Source information:
——
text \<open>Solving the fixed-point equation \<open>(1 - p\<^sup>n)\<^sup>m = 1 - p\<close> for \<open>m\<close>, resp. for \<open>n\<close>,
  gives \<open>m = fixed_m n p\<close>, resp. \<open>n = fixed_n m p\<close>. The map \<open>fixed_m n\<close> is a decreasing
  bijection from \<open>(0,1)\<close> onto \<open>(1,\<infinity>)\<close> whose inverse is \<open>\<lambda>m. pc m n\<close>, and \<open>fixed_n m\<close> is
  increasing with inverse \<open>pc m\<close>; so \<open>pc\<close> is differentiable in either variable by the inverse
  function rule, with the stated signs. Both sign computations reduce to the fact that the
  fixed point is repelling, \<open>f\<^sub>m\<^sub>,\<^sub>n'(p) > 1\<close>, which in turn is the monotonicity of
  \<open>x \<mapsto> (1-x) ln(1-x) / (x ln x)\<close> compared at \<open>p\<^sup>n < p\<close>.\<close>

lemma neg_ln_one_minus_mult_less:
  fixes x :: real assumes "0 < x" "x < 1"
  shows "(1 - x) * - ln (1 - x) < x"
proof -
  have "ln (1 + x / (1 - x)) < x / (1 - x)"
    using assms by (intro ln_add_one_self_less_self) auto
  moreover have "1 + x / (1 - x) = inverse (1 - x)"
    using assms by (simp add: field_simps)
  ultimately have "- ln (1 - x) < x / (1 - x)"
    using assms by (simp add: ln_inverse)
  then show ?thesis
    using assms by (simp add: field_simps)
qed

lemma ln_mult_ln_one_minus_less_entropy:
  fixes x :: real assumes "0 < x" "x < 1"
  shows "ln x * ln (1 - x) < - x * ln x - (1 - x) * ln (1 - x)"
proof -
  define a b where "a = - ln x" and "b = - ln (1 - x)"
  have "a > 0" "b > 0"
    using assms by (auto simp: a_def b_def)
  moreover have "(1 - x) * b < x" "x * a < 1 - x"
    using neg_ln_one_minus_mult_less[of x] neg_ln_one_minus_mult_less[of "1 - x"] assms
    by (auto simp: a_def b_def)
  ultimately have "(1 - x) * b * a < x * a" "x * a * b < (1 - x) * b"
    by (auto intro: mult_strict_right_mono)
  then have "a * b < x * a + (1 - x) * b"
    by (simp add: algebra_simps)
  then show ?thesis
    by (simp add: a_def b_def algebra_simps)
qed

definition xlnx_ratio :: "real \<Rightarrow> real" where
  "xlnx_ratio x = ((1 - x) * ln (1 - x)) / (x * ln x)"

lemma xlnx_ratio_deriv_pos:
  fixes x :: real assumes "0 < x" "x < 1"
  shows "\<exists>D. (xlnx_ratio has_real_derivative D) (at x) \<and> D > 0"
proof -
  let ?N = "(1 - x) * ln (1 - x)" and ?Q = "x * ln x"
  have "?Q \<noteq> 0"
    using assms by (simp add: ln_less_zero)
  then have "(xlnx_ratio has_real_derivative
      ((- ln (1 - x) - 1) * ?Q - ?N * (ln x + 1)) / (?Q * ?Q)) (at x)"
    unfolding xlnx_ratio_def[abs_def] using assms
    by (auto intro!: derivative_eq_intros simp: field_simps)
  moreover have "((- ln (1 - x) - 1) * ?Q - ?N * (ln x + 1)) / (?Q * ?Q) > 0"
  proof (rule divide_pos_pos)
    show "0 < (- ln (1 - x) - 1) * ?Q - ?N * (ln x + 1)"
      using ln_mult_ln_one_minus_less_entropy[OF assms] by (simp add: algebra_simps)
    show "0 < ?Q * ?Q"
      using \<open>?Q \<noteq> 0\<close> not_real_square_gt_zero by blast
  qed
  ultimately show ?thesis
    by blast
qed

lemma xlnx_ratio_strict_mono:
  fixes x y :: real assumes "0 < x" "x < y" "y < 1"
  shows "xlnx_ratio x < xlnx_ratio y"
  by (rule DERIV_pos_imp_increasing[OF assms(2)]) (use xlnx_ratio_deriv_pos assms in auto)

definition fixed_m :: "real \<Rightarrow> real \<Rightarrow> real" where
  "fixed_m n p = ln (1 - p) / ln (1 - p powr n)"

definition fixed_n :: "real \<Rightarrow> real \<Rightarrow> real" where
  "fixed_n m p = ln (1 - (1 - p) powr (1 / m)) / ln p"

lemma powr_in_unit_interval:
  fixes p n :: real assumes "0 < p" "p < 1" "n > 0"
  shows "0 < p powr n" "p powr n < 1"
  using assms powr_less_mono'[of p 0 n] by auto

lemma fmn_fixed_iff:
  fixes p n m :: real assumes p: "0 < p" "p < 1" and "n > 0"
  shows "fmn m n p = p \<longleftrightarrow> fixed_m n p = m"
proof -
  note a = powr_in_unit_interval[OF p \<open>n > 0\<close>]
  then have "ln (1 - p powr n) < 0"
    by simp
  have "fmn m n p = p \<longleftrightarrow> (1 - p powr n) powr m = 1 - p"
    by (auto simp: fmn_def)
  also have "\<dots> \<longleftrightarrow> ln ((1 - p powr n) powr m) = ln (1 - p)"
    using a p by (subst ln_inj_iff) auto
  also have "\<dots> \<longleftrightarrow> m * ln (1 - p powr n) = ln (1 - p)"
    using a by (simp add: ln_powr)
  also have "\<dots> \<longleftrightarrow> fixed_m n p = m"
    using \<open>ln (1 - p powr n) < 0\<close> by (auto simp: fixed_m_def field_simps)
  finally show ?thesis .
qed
——
Problem to solve: Please copy, without any change, the lines of the material from the first through the one containing "increasing with inverse". Write nothing else.

Solution below:
text \<open>Solving the fixed-point equation \<open>(1 - p\<^sup>n)\<^sup>m = 1 - p\<close> for \<open>m\<close>, resp. for \<open>n\<close>,
  gives \<open>m = fixed_m n p\<close>, resp. \<open>n = fixed_n m p\<close>. The map \<open>fixed_m n\<close> is a decreasing
  bijection from \<open>(0,1)\<close> onto \<open>(1,\<infinity>)\<close> whose inverse is \<open>\<lambda>m. pc m n\<close>, and \<open>fixed_n m\<close> is
  increasing with inverse \<open>pc m\<close>; so \<open>pc\<close> is differentiable in either variable by the inverse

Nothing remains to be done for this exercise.